PROMPT:
Some lines in the records below may hold the word "exists"; give the number of those lines and nothing else.

DATA FOR THE TASK:
* * *

lemma small_nat_intervals:
  "{0..2::nat} = {0,1,2}" "{1..4::nat} = {1,2,3,4}" "{1..5::nat} = {1,2,3,4,5}"
  "{1..6::nat} = {1,2,3,4,5,6}"
  by auto

lemma P4_nonface_contains:
  "G \<subseteq> {1..4} \<Longrightarrow> G \<notin> P4 \<Longrightarrow> \<exists>\<nu>\<in>{{1,3},{1,4},{2,4::nat}}. \<nu> \<subseteq> G"
  unfolding P4_def gen_def small_nat_intervals
  by (cases "1 \<in> G"; cases "2 \<in> G"; cases "3 \<in> G"; cases "4 \<in> G"; auto simp: subset_iff)

lemma J1_nonface_contains:
  "G \<subseteq> {1..5} \<Longrightarrow> G \<notin> J1 \<Longrightarrow> \<exists>\<nu>\<in>{{1,3},{1,4},{2,5::nat}}. \<nu> \<subseteq> G"
  unfolding J1_def gen_def small_nat_intervals
  by (cases "1\<in>G"; cases "2\<in>G"; cases "3\<in>G"; cases "4\<in>G"; cases "5\<in>G"; auto simp: subset_iff)

lemma J2_nonface_contains:
  "G \<subseteq> {1..5} \<Longrightarrow> G \<notin> J2 \<Longrightarrow> \<exists>\<nu>\<in>{{1,3},{2,4},{1,2,5},{3,4,5::nat}}. \<nu> \<subseteq> G"
  unfolding J2_def gen_def small_nat_intervals
  by (cases "1\<in>G"; cases "2\<in>G"; cases "3\<in>G"; cases "4\<in>G"; cases "5\<in>G"; auto simp: subset_iff)
(* Let $\delta\in(0,1)$. Assume Assumption (B), Assumption (D2), and that the scaling limits $\gamma_1,\gamma_2$ exist. If $\gamma>1$ and $\gamma'<0$, then with probability at least $1-\delta$ over the choice of $\theta^0$, $$\lim_{m\to+\infty}\sup_{t\in[0,\widetilde T_{\mathrm{eff},\bar\beta}]}\frac{\|\theta_w(t)-\theta_w(0)\|_2}{\|\theta_w(0)\|_2}=+\infty\quad\text{and}\quad\lim_{m\to+\infty}\sup_{t\in[0,\widetilde T_{\mathrm{eff},\bar\beta}]}\frac{\|\theta_{w,z}(t)\|_2}{\|\theta_w(t)\|_2}=1.$$
   Context: Setting. Data $\{(x_i,y_i)\}_{i=1}^n\subset\mathbb R^d\times\mathbb R$; width $m$; scales $\nu=\nu(m),\varepsilon=\varepsilon(m)>0$. Parameters $\theta=(\theta_a,\theta_w)$, $\theta_a=(a_k)_{k=1}^m$, $\theta_w=(w_k)_{k=1}^m$, $w_k\in\mathbb R^d$. Network $f_\theta(x)=\sum_{k=1}^m\nu a_k\sigma(\varepsilon w_k^\top x)$, $e_i=f_\theta(x_i)-y_i$. Initialization $\theta^0=\theta(0)$: $a_k(0)\sim\mathcal N(0,1)$, $w_k(0)\sim\mathcal N(0,I_d)$ independent. Dynamics: $\frac{da_k}{dt}=-\frac\varepsilon\nu\frac1n\sum_ie_i\frac{\sigma(\varepsilon w_k^\top x_i)}{\varepsilon}$, $\frac{dw_k}{dt}=-\frac\nu\varepsilon\frac1n\sum_ie_ia_k\sigma'(\varepsilon w_k^\top x_i)x_i$. Scaling limits $\gamma_1=\lim_{m\to\infty}-\frac{\log\nu}{\log m}$, $\gamma_2=\lim_{m\to\infty}-\frac{\log\varepsilon}{\log m}$ exist; $\gamma=\gamma_1+\gamma_2$, $\gamma'=\gamma_1-\gamma_2$. $\theta_{w,z}(t)=(\langle w_1(t),\hat z\rangle,\dots,\langle w_m(t),\hat z\rangle)^\top$. Neuron energy $p_k(t)=\max\{|a_k(t)|,\|w_k(t)\|_\infty\}$, $p_{\max}(t)=\max_kp_k(t)$, $\psi(t)=\sup_{0\le s\le t}p_{\max}(s)$. For $\beta>1$, $\tilde\tau=-\gamma'/\beta$ and $\widetilde T_{\mathrm{eff},\beta}=\inf\{t>0: m\nu\varepsilon\psi^3(t)+\varepsilon\psi^2(t)>m^{-\tilde\tau}\}$. $\bar\beta=\max\{-1024\frac{\gamma'}{\gamma-1},-512\gamma'\}$. Assumption (B): $\sigma\in C^2(\mathbb R)$, $\|\sigma'\|_\infty,\|\sigma''\|_\infty\le C_L$ for a universal $C_L>0$, $\sigma(0)=0$, $\sigma'(0)=1$. Assumption (D2): universal $c>0$ with $\|x_i\|_2\ge1/c$, $|y_i|\le c$; $z=\frac1n\sum_iy_ix_i$ satisfies $1/c\le\|z\|_2\le c$; $\hat z=z/\|z\|_2$. *)

theory Defs
  imports "HOL-Probability.Probability"
begin
lemma ae_eq_of_linear_cost_le:
  assumes "is_partition \<Omega> f k B" "linear_cost f k \<Phi> B \<le> linear_cost f k \<Phi> A"
  shows "\<forall>i<k. emeasure (fmeas \<Omega> f) (sym_diff (A i) (B i)) = 0"
proof -
  define D where "D y = assignment_cost k \<Phi> B y * \<rho> y - assignment_cost k \<Phi> A y * \<rho> y" for y
  have hD: "has_bochner_integral lborel D (linear_cost f k \<Phi> B - linear_cost f k \<Phi> A)"
    unfolding D_def
    using linear_cost_has_integral[OF assms(1)] linear_cost_has_integral[OF A_partition]
    by (rule has_bochner_integral_diff)
  have D_nonneg: "AE y in lborel. 0 \<le> D y"
    using AE_assignment_cost_le[OF assms(1)]
    by eventually_elim (use rho_nonneg in \<open>auto simp: D_def intro: mult_right_mono\<close>)
  have "integral\<^sup>L lborel D = 0"
    using has_bochner_integral_integral_eq[OF hD] assms(2)
      linear_cost_le_of_laguerre_cells[OF assms(1)] by simp
  then have "AE y in lborel. D y = 0"
    using integral_nonneg_eq_0_iff_AE[OF integrable.intros[OF hD] D_nonneg] by simp
  then have "AE y in lborel. \<rho> y \<noteq> 0 \<longrightarrow> (\<forall>i<k. y \<in> A i \<longleftrightarrow> y \<in> B i)"
    using AE_assignment_cost_le[OF assms(1)] by eventually_elim (auto simp: D_def)
  moreover have "sym_diff (A i) (B i) \<in> sets borel" if "i < k" for i
    using A_partition assms(1) that by (intro sets.Un sets.Diff) (auto simp: is_partition_def)
  ultimately show ?thesis
    by (auto simp: fmeas_eq_0_iff elim!: eventually_mono)
qed

end

end

end
(* Let $k$ be a field of characteristic $p>2$ ($p$ prime). Let $m\ge1$ and $u_1,u_2,\ldots,u_{2m},v\in k_1\langle X\rangle$. Then for any $i$ with $1\le i\le 2m$, $$w_m(u_1,\ldots,u_i+v,\ldots,u_{2m})\equiv w_m(u_1,\ldots,u_i,\ldots,u_{2m})+w_m(u_1,\ldots,v,\ldots,u_{2m})\pmod{S^2+T^{(3)}},$$ where in the last term $v$ occupies the $i$-th argument.
   Context: $X=\{x_i\mid i\ge0\}$ is countably infinite; $k_1\langle X\rangle$ is the free unitary associative $k$-algebra on $X$. $[a,b]=ab-ba$, $[a,b,c]=[[a,b],c]$. A $T$-space is a linear subspace invariant under all endomorphisms of $k_1\langle X\rangle$; a $T$-ideal is a $T$-space that is an ideal. $T^{(3)}$ is the $T$-ideal generated by $[x_1,x_2,x_3]$, and $S^2$ is the $T$-space generated by $[x_1,x_2]$. $\kappa(u,v)=[u,v]u^{p-1}v^{p-1}$, $w_m=\prod_{r=1}^m\kappa(x_{2r-1},x_{2r})$, and $w_m(u_1,\ldots,u_{2m})$ denotes the image of $w_m$ under the endomorphism sending $x_j\mapsto u_j$ for $1\le j\le 2m$. *)

theory Defs
  imports Main "HOL-Library.Poly_Mapping" "HOL-Computational_Algebra.Primes"
begin

text \<open>The free unitary associative k-algebra on X = {x_i | i >= 0}: finitely supported
  k-linear combinations of words (lists of variable indices).\<close>

type_synonym 'k fa = "nat list \<Rightarrow>\<^sub>0 'k"

definition fa_one :: "'k::field fa" where
  "fa_one = Poly_Mapping.single [] 1"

* * *

RESPONSE TO THE TASK:
3